Your objective
In the lines below, find the one that contains "n1 n2 A Am;" and write it out exactly, along with every line that follows it.

Stored data entries:
·····
lemma mhat_surj:
  "\<exists>E \<in> tensors a b n3. \<forall>i<a. \<forall>j<b. \<forall>k<n3. mhat M E i j k = S i j k"
proof -
  obtain B where B: "B \<in> carrier_mat n3 n3" "M * B = 1\<^sub>m n3" by (rule obtain_inverse)
  define E where "E = (\<lambda>i j l. if i < a \<and> j < b \<and> l < n3 then (B *\<^sub>v vec n3 (S i j)) $ l else 0)"
  have "mhat M E i j k = S i j k" if ijk: "i < a" "j < b" "k < n3" for i j k
  proof -
    have "vec n3 (E i j) = B *\<^sub>v vec n3 (S i j)"
      using ijk B by (intro eq_vecI) (auto simp: E_def)
    hence "mhat M E i j k = (M *\<^sub>v (B *\<^sub>v vec n3 (S i j))) $ k"
      using mhat_eq_mult_mat_vec[OF ijk(3)] by simp
    also have "\<dots> = ((M * B) *\<^sub>v vec n3 (S i j)) $ k"
      using M_carrier B by (subst assoc_mult_mat_vec) auto
    finally show ?thesis using B ijk by simp
  qed
  moreover have "E \<in> tensors a b n3" unfolding tensors_def E_def by auto
  ultimately show ?thesis by blast
qed

lemma mhat_ex1:
  "\<exists>!E. E \<in> tensors a b n3 \<and> (\<forall>i<a. \<forall>j<b. \<forall>k<n3. mhat M E i j k = S i j k)"
  using mhat_surj[of a b S] mhat_inject[of _ a b] by (metis (no_types, lifting))

lemma mprod_mhat:
  "mprod M n1 n2 l C D \<in> tensors n1 l n3 \<and>
   (\<forall>i<n1. \<forall>j<l. \<forall>k<n3. mhat M (mprod M n1 n2 l C D) i j k = (\<Sum>m<n2. mhat M C i m k * mhat M D m j k))"
  unfolding mprod_def dim_row_M by (rule theI'[OF mhat_ex1])

lemma ctrans_mhat:
  "ctrans M n1 n2 A \<in> tensors n2 n1 n3 \<and>
   (\<forall>i<n2. \<forall>j<n1. \<forall>k<n3. mhat M (ctrans M n1 n2 A) i j k = cnj (mhat M A j i k))"
  unfolding ctrans_def dim_row_M by (rule theI'[OF mhat_ex1])

definition slice :: "nat \<Rightarrow> nat \<Rightarrow> tensor \<Rightarrow> nat \<Rightarrow> complex mat" where
  "slice a b T k = mat a b (\<lambda>(i,j). mhat M T i j k)"

lemma slice_carrier_mat[simp]: "slice a b T k \<in> carrier_mat a b"
  by (simp add: slice_def)

lemma mprod_in_tensors[simp]: "mprod M n1 n2 l C D \<in> tensors n1 l n3"
  using mprod_mhat by blast

lemma ctrans_in_tensors[simp]: "ctrans M n1 n2 A \<in> tensors n2 n1 n3"
  using ctrans_mhat by blast

lemma slice_mprod[simp]:
  "k < n3 \<Longrightarrow> slice n1 l (mprod M n1 n2 l C D) k = slice n1 n2 C k * slice n2 l D k"
  using mprod_mhat[of n1 n2 l C D]
  by (intro eq_matI) (auto simp: slice_def scalar_prod_def lessThan_atLeast0)

lemma slice_ctrans[simp]:
  "k < n3 \<Longrightarrow> slice n2 n1 (ctrans M n1 n2 A) k = adjoint (slice n1 n2 A k)"
  using ctrans_mhat[of n1 n2 A] by (intro eq_matI) (auto simp: slice_def)

lemma tensors_eq_iff_slices:
  assumes "E \<in> tensors a b n3" and "F \<in> tensors a b n3"
  shows "E = F \<longleftrightarrow> (\<forall>k<n3. slice a b E k = slice a b F k)"
proof
  assume slices: "\<forall>k<n3. slice a b E k = slice a b F k"
  have "mhat M E i j k = mhat M F i j k" if "i < a" "j < b" "k < n3" for i j k
  proof -
    have "slice a b E k $$ (i,j) = slice a b F k $$ (i,j)" using slices that by simp
    thus ?thesis using that by (simp add: slice_def)
  qed
  with assms show "E = F" by (rule mhat_inject)
qed simp

lemma exists_tensor_slices:
  assumes "\<And>k. k < n3 \<Longrightarrow> S k \<in> carrier_mat a b"
  shows "\<exists>E \<in> tensors a b n3. \<forall>k<n3. slice a b E k = S k"
proof -
  obtain E where E: "E \<in> tensors a b n3" and mhat: "\<forall>i<a. \<forall>j<b. \<forall>k<n3. mhat M E i j k = S k $$ (i,j)"
    using mhat_surj[of a b "\<lambda>i j k. S k $$ (i,j)"] by blast
  have "slice a b E k = S k" if "k < n3" for k
    using assms[OF that] mhat that by (intro eq_matI) (auto simp: slice_def)
  with E show ?thesis by blast
qed

lemma mpinv_conditions_iff_slices:
  assumes A: "A \<in> tensors n1 n2 n3" and W: "W \<in> tensors n2 n1 n3"
  shows "(mprod M n1 n1 n2 (mprod M n1 n2 n1 A W) A = A \<and>
     mprod M n2 n2 n1 (mprod M n2 n1 n2 W A) W = W \<and>
     ctrans M n1 n1 (mprod M n1 n2 n1 A W) = mprod M n1 n2 n1 A W \<and>
     ctrans M n2 n2 (mprod M n2 n1 n2 W A) = mprod M n2 n1 n2 W A)
   \<longleftrightarrow> (\<forall>k<n3. moore_penrose (slice n1 n2 A k) (slice n2 n1 W k))"
  by (simp add: tensors_eq_iff_slices[OF mprod_in_tensors A] tensors_eq_iff_slices[OF mprod_in_tensors W]
      tensors_eq_iff_slices[OF ctrans_in_tensors mprod_in_tensors] moore_penrose_def) blast

lemma mpinv_slice_moore_penrose:
  assumes A: "A \<in> tensors n1 n2 n3" and k: "k < n3"
  shows "moore_penrose (slice n1 n2 A k) (slice n2 n1 (mpinv M n1 n2 A) k)"
proof -
  let ?mp = "\<lambda>W. W \<in> tensors n2 n1 n3 \<and> (\<forall>k<n3. moore_penrose (slice n1 n2 A k) (slice n2 n1 W k))"
  have "\<forall>k. \<exists>W. W \<in> carrier_mat n2 n1 \<and> moore_penrose (slice n1 n2 A k) W"
    by (meson moore_penrose_exists slice_carrier_mat)
  then obtain S where S: "\<And>k. S k \<in> carrier_mat n2 n1 \<and> moore_penrose (slice n1 n2 A k) (S k)"
    by metis
  then obtain W0 where "W0 \<in> tensors n2 n1 n3" "\<forall>k<n3. slice n2 n1 W0 k = S k"
    using exists_tensor_slices[of S n2 n1] by blast
  with S have W0: "?mp W0" by simp
  have "mpinv M n1 n2 A = W0"
    unfolding mpinv_def dim_row_M
  proof (rule the_equality)
    fix W assume "W \<in> tensors n2 n1 n3 \<and> mprod M n1 n1 n2 (mprod M n1 n2 n1 A W) A = A \<and>
     mprod M n2 n2 n1 (mprod M n2 n1 n2 W A) W = W \<and>
     ctrans M n1 n1 (mprod M n1 n2 n1 A W) = mprod M n1 n2 n1 A W \<and>
     ctrans M n2 n2 (mprod M n2 n1 n2 W A) = mprod M n2 n1 n2 W A"
    hence W: "?mp W" using mpinv_conditions_iff_slices[OF A] by blast
    have "\<forall>k<n3. slice n2 n1 W k = slice n2 n1 W0 k"
      using W W0 moore_penrose_unique[OF slice_carrier_mat slice_carrier_mat slice_carrier_mat] by blast
    with W W0 show "W = W0" by (simp add: tensors_eq_iff_slices[of W n2 n1 W0])
  qed (use W0 mpinv_conditions_iff_slices[OF A] in blast)
  with W0 k show ?thesis by simp
qed

lemma inv1_slice_g_inverse:
  assumes "Am \<in> inv1 M n1 n2 A" and "k < n3"
  shows "slice n1 n2 A k * slice n2 n1 Am k * slice n1 n2 A k = slice n1 n2 A k"
proof -
  from assms(1) have "mprod M n1 n1 n2 (mprod M n1 n2 n1 A Am) A = A" by (simp add: inv1_def)
  from arg_cong[OF this, of "\<lambda>T. slice n1 n2 T k"] show ?thesis using assms(2) by simp
qed

lemma one_star_conditions_iff:
  assumes A: "A \<in> tensors n1 n2 n3" and Am: "Am \<in> inv1 M n1 n2 A" and X: "X \<in> tensors n2 n1 n3"
  defines "P \<equiv> ctrans M n2 n1 (mpinv M n1 n2 A)"
  shows "(mprod M n2 n2 n1 (mprod M n2 n1 n2 X P) X = X \<and>
          mprod M n1 n2 n1 A X = mprod M n1 n2 n1 A (ctrans M n1 n2 A) \<and>
          mprod M n2 n1 n2 X P = mprod M n2 n1 n2 Am A)
    \<longleftrightarrow> X = one_star M n1 n2 A Am"
proof -
  let ?A = "slice n1 n2 A" and ?G = "slice n2 n1 Am" and ?X = "slice n2 n1 X"
    and ?W = "slice n2 n1 (mpinv M n1 n2 A)"
  have "(mprod M n2 n2 n1 (mprod M n2 n1 n2 X P) X = X \<and>
          mprod M n1 n2 n1 A X = mprod M n1 n2 n1 A (ctrans M n1 n2 A) \<and>
          mprod M n2 n1 n2 X P = mprod M n2 n1 n2 Am A)
    \<longleftrightarrow> (\<forall>k<n3. ?X k * adjoint (?W k) * ?X k = ?X k \<and> ?A k * ?X k = ?A k * adjoint (?A k)
                  \<and> ?X k * adjoint (?W k) = ?G k * ?A k)"
    unfolding P_def
    by (simp add: tensors_eq_iff_slices[OF mprod_in_tensors X]
        tensors_eq_iff_slices[OF mprod_in_tensors mprod_in_tensors]) blast
  also have "\<dots> \<longleftrightarrow> (\<forall>k<n3. ?X k = ?G k * ?A k * adjoint (?A k))"
    using one_star_mat_iff[OF slice_carrier_mat slice_carrier_mat inv1_slice_g_inverse[OF Am]
        slice_carrier_mat mpinv_slice_moore_penrose[OF A] slice_carrier_mat]
    by simp
  also have "\<dots> \<longleftrightarrow> X = one_star M n1 n2 A Am"
    unfolding one_star_def by (simp add: tensors_eq_iff_slices[OF X mprod_in_tensors])
  finally show ?thesis .
qed

end

theorem theorem3p10:
  fixes M :: "complex mat" and n1 n2 n3 :: nat and A Am :: tensor
  assumes "M \<in> carrier_mat n3 n3" and "invertible_mat M"
    and "A \<in> tensors n1 n2 n3"
    and "Am \<in> inv1 M n1 n2 A"
  shows "let X0 = one_star M n1 n2 A Am;
             P = ctrans M n2 n1 (mpinv M n1 n2 A);
             sat = (\<lambda>X. mprod M n2 n2 n1 (mprod M n2 n1 n2 X P) X = X \<and>
                        mprod M n1 n2 n1 A X = mprod M n1 n2 n1 A (ctrans M n1 n2 A) \<and>
                        mprod M n2 n1 n2 X P = mprod M n2 n1 n2 Am A)
         in X0 \<in> tensors n2 n1 n3 \<and> sat X0 \<and>
            (\<forall>X \<in> tensors n2 n1 n3. sat X \<longrightarrow> X = X0)"
proof -
  interpret mode3_transform M n3 using assms(1,2) by unfold_locales
  have "one_star M n1 n2 A Am \<in> tensors n2 n1 n3"
    unfolding one_star_def by (rule mprod_in_tensors)
  with one_star_conditions_iff[OF assms(3,4)] show ?thesis
    unfolding Let_def by blast
qed

end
·····
Response
  shows "let X0 = one_star M n1 n2 A Am;
             P = ctrans M n2 n1 (mpinv M n1 n2 A);
             sat = (\<lambda>X. mprod M n2 n2 n1 (mprod M n2 n1 n2 X P) X = X \<and>
                        mprod M n1 n2 n1 A X = mprod M n1 n2 n1 A (ctrans M n1 n2 A) \<and>
                        mprod M n2 n1 n2 X P = mprod M n2 n1 n2 Am A)
         in X0 \<in> tensors n2 n1 n3 \<and> sat X0 \<and>
            (\<forall>X \<in> tensors n2 n1 n3. sat X \<longrightarrow> X = X0)"
proof -
  interpret mode3_transform M n3 using assms(1,2) by unfold_locales
  have "one_star M n1 n2 A Am \<in> tensors n2 n1 n3"
    unfolding one_star_def by (rule mprod_in_tensors)
  with one_star_conditions_iff[OF assms(3,4)] show ?thesis
    unfolding Let_def by blast
qed

end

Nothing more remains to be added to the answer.